Top of RECORDS SUPPLIED
text \<open>
  Among the inner indices \<open>k\<close> at which both the column of \<open>C\<close> and the
  row of \<open>D\<close> are nonzero, pick \<open>j\<close> maximising first \<open>m = deg C\<^sub>k + deg D\<^sub>k\<close>, then
  \<open>deg C\<^sub>k\<close>. Since \<open>C D\<close> has degree \<open>1 < m\<close>, the degree-\<open>m\<close> parts of the products
  \<open>C\<^sub>k D\<^sub>k\<close> cancel. Reading this off at the words \<open>w @ u\<close>, for a word \<open>u\<close> of top degree in
  row \<open>j\<close> of \<open>D\<close>, exhibits the top part of column \<open>j\<close> as a left combination of the other
  columns; subtracting it, and compensating in the rows of \<open>D\<close>, lowers the degree of column \<open>j\<close>.
\<close>

lemma nc_col_measure_reduction:
  assumes C: "C \<in> nc_mat_set n N r" and D: "D \<in> nc_mat_set n r N"
    and lin: "\<And>i x. i < N \<Longrightarrow> x < N \<Longrightarrow> nc_deg_le (nc_mat_mult r C D i x) 1"
    and k0: "k0 < r" "2 \<le> nc_col_size N C k0" "2 \<le> nc_row_size N D k0"
  obtains C' D' where "C' \<in> nc_mat_set n N r" "D' \<in> nc_mat_set n r N"
    "\<And>i x. i < N \<Longrightarrow> x < N \<Longrightarrow> nc_mat_mult r C' D' i x = nc_mat_mult r C D i x"
    "nc_col_measure N r C' < nc_col_measure N r C"
proof -
  define g where "g k = nc_col_size N C k - 1" for k
  define d where "d k = nc_row_size N D k - 1" for k
  define P where "P = {k. k < r \<and> nc_col_size N C k \<noteq> 0 \<and> nc_row_size N D k \<noteq> 0}"
  have P_r: "P \<subseteq> {..<r}" and k0_P: "k0 \<in> P"
    using k0 by (auto simp: P_def)
  obtain j where "j \<in> P" and s_max: "\<And>k. k \<in> P \<Longrightarrow> g k + d k \<le> g j + d j"
    and g_max: "\<And>k. k \<in> P \<Longrightarrow> g k + d k = g j + d j \<Longrightarrow> g k \<le> g j"
    using finite_has_lex_max[of P "\<lambda>k. g k + d k" g] finite_subset[OF P_r] k0_P by blast
  then have j: "j < r" "nc_col_size N C j \<noteq> 0" "nc_row_size N D j \<noteq> 0"
    by (auto simp: P_def)
  define T where "T = {k \<in> P. g k + d k = g j + d j}"
  obtain jj u where jj: "jj < N" and "D j jj u \<noteq> 0" "Suc (length u) = nc_row_size N D j"
    using nc_row_size_attained[OF D j(1,3)] .
  then have u: "D j jj u \<noteq> 0" "length u = d j"
    by (simp_all add: d_def)
  have top_rel: "(\<Sum>k\<in>T. C i k (take (g k) w) * D k jj (drop (g k) w @ u)) = 0"
    if i: "i < N" and w: "length w = g j" for i w
  proof -
    have "1 < length (w @ u)"
      using s_max[OF k0_P] k0 w u by (simp add: g_def d_def)
    then have "nc_mat_mult r C D i jj (w @ u) = 0"
      using nc_deg_le_coeff_eq_0[OF lin[OF i jj]] by blast
    moreover have "nc_mat_mult r C D i jj (w @ u) = (\<Sum>k | k \<in> P \<and> g k + d k = length w + length u.
        C i k (take (g k) w) * D k jj (drop (g k) w @ u))"
    proof (rule nc_mat_mult_top_coeff_append[OF P_r])
      show "nc_deg_le (C i k) (g k)" "nc_deg_le (D k jj) (d k)" if "k \<in> P" for k
        using nc_deg_le_col_size[OF C _ i] nc_deg_le_row_size[OF D _ jj] that
        by (simp_all add: P_def g_def d_def)
      show "nc_mult (C i k) (D k jj) = 0" if "k < r" "k \<notin> P" for k
        using that nc_col_size_0[OF C _ i] nc_row_size_0[OF D _ jj]
        by (auto simp: P_def nc_mult_zero_left nc_mult_zero_right)
    qed (use s_max g_max w u in auto)
    ultimately show ?thesis
      using w u by (simp add: T_def)
  qed
  define a where "a k v = D k jj (v @ u)" for k v
  define e where "e = (\<lambda>k. if k \<in> T - {j} then (\<lambda>v. if length v + g k = g j
    then nc_smult (- 1 / a j []) (a k) v else 0) else 0)"
  have e: "e j = 0" "e k \<in> nc_poly_set n" for k
    using D jj by (auto simp: e_def T_def P_def nc_mat_set_def a_def[abs_def]
        intro!: nc_poly_set_restrict nc_poly_set_smult nc_poly_set_right_quotient nc_poly_set_zero)
  have cancel: "C i j w = (\<Sum>k<r. nc_mult (C i k) (e k)) w" if i: "i < N" and "g j \<le> length w" for i w
  proof (rule nc_leading_column_cancel[OF _ _ _ _ _ _ e_def])
    show "nc_deg_le (C i k) (g k)" if "k \<in> T" for k
      using nc_deg_le_col_size[OF C _ i] that by (simp add: T_def P_def g_def)
    show "(\<Sum>k\<in>T. C i k (take (g k) w) * a k (drop (g k) w)) = 0" if "length w = g j" for w
      unfolding a_def by (rule top_rel[OF i that])
  qed (use P_r \<open>j \<in> P\<close> g_max u that in \<open>auto simp: T_def a_def\<close>)
  have "g j < nc_col_size N C j"
    using j(2) by (simp add: g_def)
  then show ?thesis
    using nc_column_op_reduces_measure[OF C D j(1) e cancel] that by blast
qed

lemma nc_drop_const_factor:
  assumes "C \<in> nc_mat_set n N r" "D \<in> nc_mat_set n r N"
    and "\<And>i x. i < N \<Longrightarrow> x < N \<Longrightarrow> nc_deg_le (nc_mat_mult r C D i x) 1"
  shows "\<exists>U V. U \<in> nc_mat_set n N r \<and> V \<in> nc_mat_set n r N \<and>
    (\<forall>i<N. \<forall>x<N. nc_drop_const (nc_mat_mult r C D i x) = nc_mat_mult r U V i x)"
  using assms
proof (induction "nc_col_measure N r C" arbitrary: C D rule: less_induct)
  case less
  show ?case
  proof (cases "\<forall>k<r. nc_col_size N C k \<le> 1 \<or> nc_row_size N D k \<le> 1")
    case True
    then show ?thesis
      by (intro nc_drop_const_factor_of_const_cols[OF less.prems(1,2)]) blast
  next
    case False
    then obtain k0 where "k0 < r" "2 \<le> nc_col_size N C k0" "2 \<le> nc_row_size N D k0"
      by auto
    then obtain C' D' where "C' \<in> nc_mat_set n N r" "D' \<in> nc_mat_set n r N"
      and same: "\<And>i x. i < N \<Longrightarrow> x < N \<Longrightarrow> nc_mat_mult r C' D' i x = nc_mat_mult r C D i x"
      and "nc_col_measure N r C' < nc_col_measure N r C"
      using nc_col_measure_reduction[OF less.prems] by blast
    then show ?thesis
      using less.hyps[of C' D'] less.prems(3) by (simp add: same)
  qed
qed

section \<open>Inner rank and linear pencils\<close>

lemma nc_full_iff:
  assumes A: "A \<in> nc_mat_set n N N"
  shows "nc_full n N N A \<longleftrightarrow> \<not> (\<exists>r<N. \<exists>C D. C \<in> nc_mat_set n N r \<and> D \<in> nc_mat_set n r N \<and>
    (\<forall>i<N. \<forall>j<N. A i j = nc_mat_mult r C D i j))"
    (is "_ \<longleftrightarrow> \<not> (\<exists>r<N. ?factors r)")
proof -
  define I :: ncmat where "I = (\<lambda>l j. if l = j then nc_const 1 else 0)"
  have "I \<in> nc_mat_set n N N"
    using nc_poly_set_const nc_poly_set_zero by (simp add: I_def nc_mat_set_def)
  moreover have "nc_mat_mult N A I i j = A i j" if "j < N" for i j
  proof -
    have "nc_mat_mult N A I i j = (\<Sum>l<N. if l = j then nc_mult (A i l) (nc_const 1) else 0)"
      unfolding nc_mat_mult_def I_def by (intro sum.cong) (auto simp: nc_mult_zero_right)
    then show ?thesis
      using that by (simp add: nc_mult_const_right)
  qed
  ultimately have "?factors N"
    using A by (intro exI[of _ A] exI[of _ I]) auto
  then have rank_le: "nc_inner_rank n N N A \<le> N" and rank_factors: "?factors (nc_inner_rank n N N A)"
    unfolding nc_inner_rank_def by (rule Least_le, rule LeastI)
  have "nc_inner_rank n N N A \<le> r" if "?factors r" for r
    unfolding nc_inner_rank_def using that by (rule Least_le)
  then show ?thesis
    using rank_le rank_factors unfolding nc_full_def by (metis min.idem not_le order.not_eq_order_implies_strict)
qed

lemma nc_full_cong:
  "(\<And>i j. i < m \<Longrightarrow> j < k \<Longrightarrow> A i j = B i j) \<Longrightarrow> nc_full n m k A = nc_full n m k B"
  by (simp add: nc_full_def nc_inner_rank_def)

lemma det_eq_0_if_zero_col:
  fixes A :: "'a :: idom mat"
  assumes A: "A \<in> carrier_mat N N" and k: "k < N" and zero: "\<And>i. i < N \<Longrightarrow> A $$ (i, k) = 0"
  shows "det A = 0"
  unfolding det_0_iff_vec_prod_zero[OF A]
proof (intro exI conjI)
  show "A *\<^sub>v unit_vec N k = 0\<^sub>v N"
    using A k zero by (intro eq_vecI) auto
qed (use k in auto)

lemma det_eq_0_if_factors_through:
  fixes A :: "'a :: idom mat"
  assumes A: "A \<in> carrier_mat N N" and r: "r < N"
    and fac: "\<And>i j. i < N \<Longrightarrow> j < N \<Longrightarrow> A $$ (i, j) = (\<Sum>k<r. c i k * d k j)"
  shows "det A = 0"
proof -
  define Cm where "Cm = mat N N (\<lambda>(i, k). if k < r then c i k else 0)"
  define Dm where "Dm = mat N N (\<lambda>(k, j). if k < r then d k j else 0)"
  have Cm: "Cm \<in> carrier_mat N N" and Dm: "Dm \<in> carrier_mat N N"
    by (simp_all add: Cm_def Dm_def)
  have "A = Cm * Dm"
  proof (rule eq_matI)
    fix i j assume "i < dim_row (Cm * Dm)" "j < dim_col (Cm * Dm)"
    then have i: "i < N" and j: "j < N"
      using Cm Dm by auto
    have "(Cm * Dm) $$ (i, j) = (\<Sum>k<N. if k < r then c i k * d k j else 0)"
      using i j by (simp add: Cm_def Dm_def scalar_prod_def atLeast0LessThan if_distrib cong: if_cong)
    also have "\<dots> = (\<Sum>k<r. c i k * d k j)"
    proof -
      have "{..<N} \<inter> {k. k < r} = {..<r}"
        using r by auto
      then show ?thesis
        by (simp add: sum.If_cases)
    qed
    finally show "A $$ (i, j) = (Cm * Dm) $$ (i, j)"
      using fac[OF i j] by simp
  qed (use A Cm Dm in auto)
  moreover have "det Cm = 0"
    using r by (intro det_eq_0_if_zero_col[OF Cm, of "N - 1"]) (auto simp: Cm_def)
  ultimately show ?thesis
    using det_mult[OF Cm Dm] by simp
qed

lemma nc_pencil_apply:
  "nc_pencil n a b i j w = nc_const (a $$ (i, j)) w + (\<Sum>l<n. b l $$ (i, j) * nc_var l w)"
  by (simp add: nc_pencil_def sum_fun_apply nc_smult_def)

lemma nc_hom_part_apply: "nc_hom_part n b i j w = (\<Sum>l<n. b l $$ (i, j) * nc_var l w)"
  by (simp add: nc_hom_part_def sum_fun_apply nc_smult_def)

lemma nc_pencil_in_mat_set: "nc_pencil n a b \<in> nc_mat_set n N N"
  unfolding nc_mat_set_def nc_pencil_def
  by (auto intro!: nc_poly_set_add nc_poly_set_sum nc_poly_set_smult nc_poly_set_var nc_poly_set_const)

lemma nc_hom_part_in_mat_set: "nc_hom_part n b \<in> nc_mat_set n N N"
  unfolding nc_mat_set_def nc_hom_part_def
  by (auto intro!: nc_poly_set_sum nc_poly_set_smult nc_poly_set_var)

lemma nc_deg_le_pencil: "nc_deg_le (nc_pencil n a b i j) 1"
proof -
  have "nc_pencil n a b i j w = 0" if "1 < length w" for w
  proof -
    have "w \<noteq> []" "\<And>l. w \<noteq> [l]"
      using that by auto
    then show ?thesis
      by (simp add: nc_pencil_apply nc_const_def nc_var_def)
  qed
  then show ?thesis
    unfolding nc_deg_le_def using not_le by blast
qed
Bottom of RECORDS SUPPLIED
TASK TO COMPLETE – A single number is the reply: the count of lines in the entries above that have the word "take".

ANSWER TO THE PROBLEM – 3